For the experiment described in the Physical examination X In this article, researchers at CEA Saclay used a high power femtosecond laser beam (100TW) in CEA's UHI100 facility, focused on a silica target to create a dense plasma. In addition, two diagnoses – a Lanex scintillating screen and an ultra-ultraviolet spectrometer – were applied to study the laser-plasma interaction during the experiment. The diagnostic tools presented additional difficulties in studying time and length scales during the course of the experiment, again making the simulations crucial for the researchers' results.

"Often, in this type of experiment, you can not access the time and length scales involved, especially because in experiments, you have a very intense laser field on your target, so you can not place no diagnosis near the target, "said Fabien Quere. , a researcher who directs the experimental program at CEA and is co-author of the PRX document. "In this type of experiment, we examine the elements emitted by the target that are distant – 10, 20 cm – and taking place in real time, essentially, while the physics is at the micron or submicron scale and at the scale of the sub-multimode in time. we need simulations to decipher what is happening in the experiment. "

"The basic principles simulations we used for this research gave us access to the complex dynamics of laser field interaction, with the solid target at the level of the individual particle orbit details, which allowed us to to better understand what was happening in the experience, "added Vincenti.

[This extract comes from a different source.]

(* Let $\mathcal{X}=\langle P,K,V\rangle$ be a polyhedral model, $x\in P$, and $\phi,\psi$ SLCS formulas. Then $\mathcal{X},x\models\gamma(\phi,\psi)$ if and only if there is a piecewise linear path $\pi:[0,1]\to P$ with $\pi(0)=x$, $\pi((0,1))\subseteq[\![\phi]\!]$ and $\pi(1)\in[\![\psi]\!]$.
   Context: A $d$-simplex $\sigma\subseteq\mathbb{R}^m$ is the convex hull of $d+1$ affinely independent points $v_0,\dots,v_d$ (its vertices); the simplexes spanned by subsets of the vertices (including the empty simplex) are its faces, and $\tau\preceq\sigma$ means $\tau$ is a face of $\sigma$. The relative interior of $\sigma$ is $\tilde\sigma=\{\sum_i\lambda_iv_i:\lambda_i\in(0,1],\sum_i\lambda_i=1\}$. A simplicial complex $K$ is a finite set of simplexes of $\mathbb{R}^m$ closed under taking faces and such that the intersection of any two of its simplexes is a face of both. Its polyhedron is $|K|=\bigcup K$, with the subspace topology of $\mathbb{R}^m$; $\mathcal{C}$ and $\mathcal{I}$ denote closure and interior in this space. The cells of $K$ are the sets $\tilde\sigma$ for nonempty $\sigma\in K$; they form a partition $\tilde K$ of $|K|$. A path in a space $P$ is a continuous $\pi:[0,1]\to P$; $\pi(S)=\{\pi(s):s\in S\}$. A path $\pi$ is piecewise linear if there are $r_0=0<r_1<\dots<r_k=1$ such that for every $i<k$ and $t\in[0,1]$: $\pi(tr_i+(1-t)r_{i+1})=t\pi(r_i)+(1-t)\pi(r_{i+1})$. Fix a finite set $AP$ of atomic propositions. A polyhedral model is $\mathcal{X}=\langle P,K,V\rangle$ with $K$ a simplicial complex, $P=|K|$, and $V:AP\to\mathcal{P}(P)$ such that each $V(p)$ is a union of cells of $K$ ($K$ is then called coherent with the model). SLCS formulas: $\phi::=\top\mid p\mid\neg\phi\mid\phi\wedge\phi\mid\Box\phi\mid\gamma(\phi,\phi)$, $p\in AP$. Semantics at $x\in P$, with $[\![\phi]\!]=\{x\in P:\mathcal{X},x\models\phi\}$: $\top$ always holds; $x\models p$ iff $x\in V(p)$; Boolean connectives as usual; $x\models\Box\phi$ iff $x\in\mathcal{I}([\![\phi]\!])$; $x\models\gamma(\phi,\psi)$ iff there is a path $\pi$ in $P$ with $\pi(0)=x$, $\pi((0,1))\subseteq[\![\phi]\!]$ and $\pi(1)\in[\![\psi]\!]$. *)

theory Defs
  imports "HOL-Analysis.Analysis"
begin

These very large simulations with a spectral FFT solver of very high precision were possible thanks to the paradigm shift introduced in 2013 by Vay and his collaborators. In a study published in the Journal of Computational Physics, they observed that, when solving Maxwell's time-dependent equations, the standard method of FFT parallelization (which is global and requires communications between processors across the domain of simulation) could be replaced by a decomposition with local FFTs and limited communications to neighboring processors. In addition to enabling a much stronger and weaker scale up on a large number of computer nodes, the new method is also more energy efficient as it reduces communications.

"With standard FFT algorithms, you need to establish communications across the machine," Vay said. "But the new spectral FFT resolver saves time and energy on the computer, which is a big problem for the new supercomputing architectures that are introduced."